Каждого уже опросили, что знают, что видели, заставили написать заявление о пропаже человека, пока что одного – Зои Ильиничны, потому как поиски безымянного мальчика, существование которого еще не совсем доказано, непонятно как по закону оформлять. Мимо шел егерь Михалыч. Вообще, он через три улицы живет, но привлеченный, как и все деревенские, скоплением полицейских машин, не поленился сделать крюк и заглянуть на огонек от включенных сигналок.

– Тю, а что эт тут за собрание такое? – протянул Михалыч, перекладывая ружье с плеча на плечо. – Я иду, смотрю, стоят. Думаю, дай зайду, посмотрю, че стоят.

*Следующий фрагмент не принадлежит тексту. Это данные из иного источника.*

lemma integral_indicator_norm:
  fixes A :: "real set"
  assumes A[measurable]: "A \<in> sets borel" and "A \<subseteq> {0..a}" and "0 \<le> a"
  defines "d \<equiv> DIM('a::euclidean_space)"
  shows "(\<integral>z. indicator A (norm z) \<partial>(lborel::'a measure)) =
    unit_ball_vol d * d * (\<integral>r. indicator A r * r ^ (d - 1) \<partial>lborel)"
proof -
  have "(\<integral>\<^sup>+z. indicator A (norm z) \<partial>(lborel::'a measure)) =
      (\<integral>\<^sup>+z. indicator A (norm z) \<partial>density (lborel::'a measure) (indicator (cball 0 a)))"
    using assms(2) borel_closed[OF closed_cball, of "0::'a" a]
    by (subst nn_integral_density) (auto split: split_indicator intro!: nn_integral_cong borel_measurable_indicator)
  also have "\<dots> = (\<integral>\<^sup>+r. indicator A r \<partial>distr (density (lborel::'a measure) (indicator (cball 0 a))) borel norm)"
    by (subst nn_integral_distr) auto
  also have "\<dots> = (\<integral>\<^sup>+r. indicator A r \<partial>density lborel
      (\<lambda>r. ennreal (indicator {0..a} r * (unit_ball_vol d * d * r ^ (d - 1)))))"
    unfolding d_def distr_norm_density_cball[OF assms(3)] ..
  also have "\<dots> = (\<integral>\<^sup>+r. ennreal (unit_ball_vol d * d) * ennreal (indicator A r * r ^ (d - 1)) \<partial>lborel)"
    using assms(2) by (subst nn_integral_density)
      (auto split: split_indicator simp: ennreal_mult[symmetric] mult_ac intro!: nn_integral_cong)
  also have "\<dots> = ennreal (unit_ball_vol d * d) * (\<integral>\<^sup>+r. ennreal (indicator A r * r ^ (d - 1)) \<partial>lborel)"
    by (intro nn_integral_cmult) measurable
  finally show ?thesis using assms(2)
    by (subst (1 2) integral_eq_nn_integral)
      (auto split: split_indicator simp: enn2real_mult ennreal_indicator intro!: AE_I2)
qed

lemma nn_integral_lborel_translate:
  fixes g :: "'a::euclidean_space \<Rightarrow> ennreal"
  assumes "g \<in> borel_measurable borel"
  shows "(\<integral>\<^sup>+y. g y \<partial>lborel) = (\<integral>\<^sup>+w. g (c + w) \<partial>lborel)"
proof -
  have "(\<integral>\<^sup>+y. g y \<partial>lborel) = (\<integral>\<^sup>+y. g y \<partial>distr lborel borel ((+) c))"
    by (simp add: lborel_distr_plus)
  also have "\<dots> = (\<integral>\<^sup>+w. g (c + w) \<partial>lborel)"
    using assms by (subst nn_integral_distr) auto
  finally show ?thesis .
qed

Генка поднялся со скамейки, подошел к Михалычу, пожал тому приветственно руку. Михалыч был спокойный мужик. Любопытный, но не как все зеваки, потому прогонять его не стали.

– С Зоей че стряслось? – спросил Михалыч.

– Ну, можно и так сказать, – ответил Генка. – Пропала. – Про мальчика пока говорит не стал. Как-то не по-мужски это: сплетки пускать. Даже если это не особо и сплетки. Михалыч порылся в карманах фуфайки – он ее всегда носил: и в жару, и в холод, – выудил оттуда мятую пачку «Беломора», достал сигарету, предложил Генке, хоть тот и некурящий – правила хорошего деревенского тона, понимаете ли.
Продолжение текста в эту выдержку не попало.